SUPPLIED ENTRIES ->
(* Let $A$ be a metabelian Lie $U$-algebra over a field $k$ and let $A_\Delta$ be its $\Delta$-localisation. Then $A$ and $A_\Delta$ are universally equivalent, i.e. $\mathrm{ucl}(A)=\mathrm{ucl}(A_\Delta)$: they satisfy exactly the same universal sentences of the first-order language of Lie $k$-algebras.
   Context: All algebras are over a fixed field $k$. A Lie algebra is metabelian if $(a\circ b)\circ(c\circ d)=0$ identically; $A^2$ is the ideal spanned by all products; $\mathrm{Fit}(A)$ (Fitting radical) is the ideal generated by all elements lying in nilpotent ideals of $A$. A metabelian Lie algebra $A$ is a $U$-algebra if $\mathrm{Fit}(A)$ is abelian and torsion-free as a module over $R=k[x_\alpha:\alpha\in\Lambda]$, where $\{z_\alpha:\alpha\in\Lambda\}\subseteq A$ is a family whose images form a basis of $A/\mathrm{Fit}(A)$ and the module structure is $b\cdot x_\alpha=b\circ z_\alpha$ for $b\in\mathrm{Fit}(A)$, extended multiplicatively and linearly. $\Delta$-localisation: let $V$ be the $k$-span of $\{z_\alpha\}$, $\Delta$ the ideal of $R$ generated by all $x_\alpha$, $R_\Delta$ the localisation of $R$ at $\Delta$, and $\mathrm{Fit}_\Delta(A)=R_\Delta\otimes_R\mathrm{Fit}(A)$ (containing $\mathrm{Fit}(A)$). $A_\Delta$ is the $k$-space $V\oplus\mathrm{Fit}_\Delta(A)$ with bracket: for $v,w\in V$, $v\circ w$ is the product in $A$ (an element of $\mathrm{Fit}(A)$); products of two elements of $\mathrm{Fit}_\Delta(A)$ are $0$; $u\circ z_\alpha=u\cdot x_\alpha=-z_\alpha\circ u$ for $u\in\mathrm{Fit}_\Delta(A)$, extended bilinearly. It is a metabelian Lie algebra containing $A=V\oplus\mathrm{Fit}(A)$ as a subalgebra. The first-order language of Lie $k$-algebras has symbols $\circ,+,-,0$ and a unary function symbol for multiplication by each scalar of $k$; $\mathrm{ucl}(B)$ is the class of Lie $k$-algebras satisfying all universal sentences of this language true in $B$. *)

theory Defs
  imports Main "HOL-Library.Poly_Mapping"
begin

record ('k, 'a) lie_alg =
  la_carrier :: "'a set"
  la_zero :: 'a
  la_add :: "'a \<Rightarrow> 'a \<Rightarrow> 'a"
  la_neg :: "'a \<Rightarrow> 'a"
  la_smul :: "'k \<Rightarrow> 'a \<Rightarrow> 'a"
  la_br :: "'a \<Rightarrow> 'a \<Rightarrow> 'a"

definition lie_alg :: "('k::field, 'a) lie_alg \<Rightarrow> bool" where
  "lie_alg A \<longleftrightarrow>
    (let C = la_carrier A; z = la_zero A; ad = la_add A; ng = la_neg A;
         sm = la_smul A; br = la_br A in
     z \<in> C \<and>
     (\<forall>x\<in>C. \<forall>y\<in>C. ad x y \<in> C) \<and>
     (\<forall>x\<in>C. ng x \<in> C) \<and>
     (\<forall>c. \<forall>x\<in>C. sm c x \<in> C) \<and>
     (\<forall>x\<in>C. \<forall>y\<in>C. br x y \<in> C) \<and>
     (\<forall>x\<in>C. \<forall>y\<in>C. \<forall>w\<in>C. ad (ad x y) w = ad x (ad y w)) \<and>
     (\<forall>x\<in>C. \<forall>y\<in>C. ad x y = ad y x) \<and>
     (\<forall>x\<in>C. ad z x = x) \<and>
     (\<forall>x\<in>C. ad x (ng x) = z) \<and>
     (\<forall>c. \<forall>x\<in>C. \<forall>y\<in>C. sm c (ad x y) = ad (sm c x) (sm c y)) \<and>
     (\<forall>c d. \<forall>x\<in>C. sm (c + d) x = ad (sm c x) (sm d x)) \<and>
     (\<forall>c d. \<forall>x\<in>C. sm (c * d) x = sm c (sm d x)) \<and>
     (\<forall>x\<in>C. sm 1 x = x) \<and>
     (\<forall>x\<in>C. \<forall>y\<in>C. \<forall>w\<in>C. br (ad x y) w = ad (br x w) (br y w)) \<and>
     (\<forall>x\<in>C. \<forall>y\<in>C. \<forall>w\<in>C. br x (ad y w) = ad (br x y) (br x w)) \<and>
     (\<forall>c. \<forall>x\<in>C. \<forall>y\<in>C. br (sm c x) y = sm c (br x y)) \<and>
     (\<forall>c. \<forall>x\<in>C. \<forall>y\<in>C. br x (sm c y) = sm c (br x y)) \<and>
     (\<forall>x\<in>C. br x x = z) \<and>
     (\<forall>x\<in>C. \<forall>y\<in>C. \<forall>w\<in>C.
        ad (ad (br x (br y w)) (br y (br w x))) (br w (br x y)) = z))"

definition metabelian :: "('k, 'a) lie_alg \<Rightarrow> bool" where
  "metabelian A \<longleftrightarrow> (\<forall>a\<in>la_carrier A. \<forall>b\<in>la_carrier A. \<forall>c\<in>la_carrier A. \<forall>d\<in>la_carrier A.
      la_br A (la_br A a b) (la_br A c d) = la_zero A)"

primrec lsum :: "('k, 'a) lie_alg \<Rightarrow> 'a list \<Rightarrow> 'a" where
  "lsum A [] = la_zero A"
| "lsum A (x # xs) = la_add A x (lsum A xs)"

inductive_set lspan :: "('k, 'a) lie_alg \<Rightarrow> 'a set \<Rightarrow> 'a set" for A X where
  lspan_zero: "la_zero A \<in> lspan A X"
| lspan_gen: "x \<in> X \<Longrightarrow> x \<in> lspan A X"
| lspan_add: "x \<in> lspan A X \<Longrightarrow> y \<in> lspan A X \<Longrightarrow> la_add A x y \<in> lspan A X"
| lspan_smul: "x \<in> lspan A X \<Longrightarrow> la_smul A c x \<in> lspan A X"

definition is_ideal :: "('k, 'a) lie_alg \<Rightarrow> 'a set \<Rightarrow> bool" where
  "is_ideal A I \<longleftrightarrow> I \<subseteq> la_carrier A \<and> la_zero A \<in> I \<and>
     (\<forall>x\<in>I. \<forall>y\<in>I. la_add A x y \<in> I) \<and> (\<forall>c. \<forall>x\<in>I. la_smul A c x \<in> I) \<and>
     (\<forall>x\<in>I. \<forall>a\<in>la_carrier A. la_br A x a \<in> I \<and> la_br A a x \<in> I)"

primrec lcs :: "('k, 'a) lie_alg \<Rightarrow> 'a set \<Rightarrow> nat \<Rightarrow> 'a set" where
  "lcs A I 0 = I"
| "lcs A I (Suc n) = lspan A {la_br A x y | x y. x \<in> lcs A I n \<and> y \<in> I}"

definition nilpotent_ideal :: "('k, 'a) lie_alg \<Rightarrow> 'a set \<Rightarrow> bool" where
  "nilpotent_ideal A I \<longleftrightarrow> is_ideal A I \<and> (\<exists>n. lcs A I n = {la_zero A})"

definition ideal_gen :: "('k, 'a) lie_alg \<Rightarrow> 'a set \<Rightarrow> 'a set" where
  "ideal_gen A X = \<Inter>{J. is_ideal A J \<and> X \<subseteq> J}"

definition Fit :: "('k, 'a) lie_alg \<Rightarrow> 'a set" where
  "Fit A = ideal_gen A (\<Union>{I. nilpotent_ideal A I})"

type_synonym ('i, 'k) mpoly = "('i \<Rightarrow>\<^sub>0 nat) \<Rightarrow>\<^sub>0 'k"

definition Xvar :: "'i \<Rightarrow> ('i, 'k::field) mpoly" where
  "Xvar \<alpha> = Poly_Mapping.single (Poly_Mapping.single \<alpha> 1) 1"

inductive_set Delta :: "('i, 'k::field) mpoly set" where
  Delta_zero: "0 \<in> Delta"
| Delta_gen: "q * Xvar \<alpha> \<in> Delta"
| Delta_add: "p \<in> Delta \<Longrightarrow> q \<in> Delta \<Longrightarrow> p + q \<in> Delta"

definition word_act :: "('k, 'a) lie_alg \<Rightarrow> ('i \<Rightarrow> 'a) \<Rightarrow> 'i list \<Rightarrow> 'a \<Rightarrow> 'a" where
  "word_act A z xs b = fold (\<lambda>\<alpha> c. la_br A c (z \<alpha>)) xs b"

definition mono_act :: "('k, 'a) lie_alg \<Rightarrow> ('i \<Rightarrow> 'a) \<Rightarrow> ('i \<Rightarrow>\<^sub>0 nat) \<Rightarrow> 'a \<Rightarrow> 'a" where
  "mono_act A z m b = word_act A z (SOME xs. \<forall>\<alpha>. count_list xs \<alpha> = Poly_Mapping.lookup m \<alpha>) b"

definition poly_act :: "('k::field, 'a) lie_alg \<Rightarrow> ('i \<Rightarrow> 'a) \<Rightarrow> ('i, 'k) mpoly \<Rightarrow> 'a \<Rightarrow> 'a" where
  "poly_act A z p b = lsum A (map (\<lambda>m. la_smul A (Poly_Mapping.lookup p m) (mono_act A z m b))
                                  (SOME xs. distinct xs \<and> set xs = Poly_Mapping.keys p))"

definition basis_mod_Fit :: "('k::field, 'a) lie_alg \<Rightarrow> ('i \<Rightarrow> 'a) \<Rightarrow> bool" where
  "basis_mod_Fit A z \<longleftrightarrow>
     (\<forall>\<alpha>. z \<alpha> \<in> la_carrier A) \<and>
     (\<forall>a\<in>la_carrier A. \<exists>v\<in>lspan A (range z). \<exists>f\<in>Fit A. a = la_add A v f) \<and>
     (\<forall>xs c. distinct xs \<longrightarrow> lsum A (map (\<lambda>\<alpha>. la_smul A (c \<alpha>) (z \<alpha>)) xs) \<in> Fit A
              \<longrightarrow> (\<forall>\<alpha>\<in>set xs. c \<alpha> = 0))"

definition U_algebra :: "('k::field, 'a) lie_alg \<Rightarrow> ('i \<Rightarrow> 'a) \<Rightarrow> bool" where
  "U_algebra A z \<longleftrightarrow> lie_alg A \<and> metabelian A \<and> basis_mod_Fit A z \<and>
     (\<forall>x\<in>Fit A. \<forall>y\<in>Fit A. la_br A x y = la_zero A) \<and>
     (\<forall>p b. p \<noteq> 0 \<longrightarrow> b \<in> Fit A \<longrightarrow> poly_act A z p b = la_zero A \<longrightarrow> b = la_zero A)"

text \<open>Elements of A_Delta = V + Fit_Delta(A) are classes of triples (v, m, s) standing for
  v + m/s with v in V, m in Fit(A), s in R - Delta.\<close>

type_synonym ('i, 'k, 'a) ltriple = "'a \<times> 'a \<times> ('i, 'k) mpoly"

definition loc_triples :: "('k::field, 'a) lie_alg \<Rightarrow> ('i \<Rightarrow> 'a) \<Rightarrow> ('i, 'k, 'a) ltriple set" where
  "loc_triples A z = {(v, m, s). v \<in> lspan A (range z) \<and> m \<in> Fit A \<and> s \<notin> Delta}"

definition loc_rel :: "('k::field, 'a) lie_alg \<Rightarrow> ('i \<Rightarrow> 'a) \<Rightarrow>
    ('i, 'k, 'a) ltriple \<Rightarrow> ('i, 'k, 'a) ltriple \<Rightarrow> bool" where
  "loc_rel A z t t' \<longleftrightarrow> (case t of (v, m, s) \<Rightarrow> case t' of (v', m', s') \<Rightarrow>
     v = v' \<and> (\<exists>u. u \<notin> Delta \<and>
       poly_act A z u (la_add A (poly_act A z s' m) (la_neg A (poly_act A z s m'))) = la_zero A))"

definition loc_cls :: "('k::field, 'a) lie_alg \<Rightarrow> ('i \<Rightarrow> 'a) \<Rightarrow>
    ('i, 'k, 'a) ltriple \<Rightarrow> ('i, 'k, 'a) ltriple set" where
  "loc_cls A z t = {t' \<in> loc_triples A z. loc_rel A z t t'}"

definition loc_rep :: "('i, 'k, 'a) ltriple set \<Rightarrow> ('i, 'k, 'a) ltriple" where
  "loc_rep Q = (SOME t. t \<in> Q)"

definition loc_Delta :: "('k::field, 'a) lie_alg \<Rightarrow> ('i \<Rightarrow> 'a) \<Rightarrow> ('k, ('i, 'k, 'a) ltriple set) lie_alg" where
  "loc_Delta A z =
    (let act = poly_act A z; ad = la_add A; ng = la_neg A; br = la_br A; cl = loc_cls A z in
    \<lparr> la_carrier = loc_cls A z ` loc_triples A z,
      la_zero = cl (la_zero A, la_zero A, 1),
      la_add = (\<lambda>Q Q'. case loc_rep Q of (v, m, s) \<Rightarrow> case loc_rep Q' of (v', m', s') \<Rightarrow>
                  cl (ad v v', ad (act s' m) (act s m'), s * s')),
      la_neg = (\<lambda>Q. case loc_rep Q of (v, m, s) \<Rightarrow> cl (ng v, ng m, s)),
      la_smul = (\<lambda>c Q. case loc_rep Q of (v, m, s) \<Rightarrow> cl (la_smul A c v, la_smul A c m, s)),
      la_br = (\<lambda>Q Q'. case loc_rep Q of (v, m, s) \<Rightarrow> case loc_rep Q' of (v', m', s') \<Rightarrow>
                  cl (la_zero A,
                      ad (ad (act (s * s') (br v v')) (act s' (br m v'))) (ng (act s (br m' v))),
                      s * s')) \<rparr>)"

datatype 'k ltm = TVar nat | TZero | TAdd "'k ltm" "'k ltm" | TNeg "'k ltm"
  | TSmul 'k "'k ltm" | TBr "'k ltm" "'k ltm"

datatype 'k lfm = FEq "'k ltm" "'k ltm" | FFalse | FNot "'k lfm" | FAnd "'k lfm" "'k lfm"
  | FOr "'k lfm" "'k lfm" | FImp "'k lfm" "'k lfm" | FAll nat "'k lfm" | FEx nat "'k lfm"

primrec tm_vars :: "'k ltm \<Rightarrow> nat set" where
  "tm_vars (TVar n) = {n}"
| "tm_vars TZero = {}"
| "tm_vars (TAdd s t) = tm_vars s \<union> tm_vars t"
| "tm_vars (TNeg t) = tm_vars t"
| "tm_vars (TSmul c t) = tm_vars t"
| "tm_vars (TBr s t) = tm_vars s \<union> tm_vars t"

primrec fm_free :: "'k lfm \<Rightarrow> nat set" where
  "fm_free (FEq s t) = tm_vars s \<union> tm_vars t"
| "fm_free FFalse = {}"
| "fm_free (FNot p) = fm_free p"
| "fm_free (FAnd p q) = fm_free p \<union> fm_free q"
| "fm_free (FOr p q) = fm_free p \<union> fm_free q"
| "fm_free (FImp p q) = fm_free p \<union> fm_free q"
| "fm_free (FAll x p) = fm_free p - {x}"
| "fm_free (FEx x p) = fm_free p - {x}"

primrec qfree :: "'k lfm \<Rightarrow> bool" where
  "qfree (FEq s t) = True"
| "qfree FFalse = True"
| "qfree (FNot p) = qfree p"
| "qfree (FAnd p q) = (qfree p \<and> qfree q)"
| "qfree (FOr p q) = (qfree p \<and> qfree q)"
| "qfree (FImp p q) = (qfree p \<and> qfree q)"
| "qfree (FAll x p) = False"
| "qfree (FEx x p) = False"

fun universal :: "'k lfm \<Rightarrow> bool" where
  "universal (FAll x p) = universal p"
| "universal p = qfree p"

definition universal_sentence :: "'k lfm \<Rightarrow> bool" where
  "universal_sentence p \<longleftrightarrow> universal p \<and> fm_free p = {}"

primrec tm_eval :: "('k, 'a) lie_alg \<Rightarrow> (nat \<Rightarrow> 'a) \<Rightarrow> 'k ltm \<Rightarrow> 'a" where
  "tm_eval A e (TVar n) = e n"
| "tm_eval A e TZero = la_zero A"
| "tm_eval A e (TAdd s t) = la_add A (tm_eval A e s) (tm_eval A e t)"
| "tm_eval A e (TNeg t) = la_neg A (tm_eval A e t)"
| "tm_eval A e (TSmul c t) = la_smul A c (tm_eval A e t)"
| "tm_eval A e (TBr s t) = la_br A (tm_eval A e s) (tm_eval A e t)"

primrec holds :: "('k, 'a) lie_alg \<Rightarrow> (nat \<Rightarrow> 'a) \<Rightarrow> 'k lfm \<Rightarrow> bool" where
  "holds A e (FEq s t) = (tm_eval A e s = tm_eval A e t)"
| "holds A e FFalse = False"
| "holds A e (FNot p) = (\<not> holds A e p)"
| "holds A e (FAnd p q) = (holds A e p \<and> holds A e q)"
| "holds A e (FOr p q) = (holds A e p \<or> holds A e q)"
| "holds A e (FImp p q) = (holds A e p \<longrightarrow> holds A e q)"
| "holds A e (FAll x p) = (\<forall>a\<in>la_carrier A. holds A (e(x := a)) p)"
| "holds A e (FEx x p) = (\<exists>a\<in>la_carrier A. holds A (e(x := a)) p)"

TASK DESCRIPTION -> From the data above, copy each line with the string "datatype" in it.

RESPONSE AREA ->
datatype 'k ltm = TVar nat | TZero | TAdd "'k ltm" "'k ltm" | TNeg "'k ltm"
datatype 'k lfm = FEq "'k ltm" "'k ltm" | FFalse | FNot "'k lfm" | FAnd "'k lfm" "'k lfm"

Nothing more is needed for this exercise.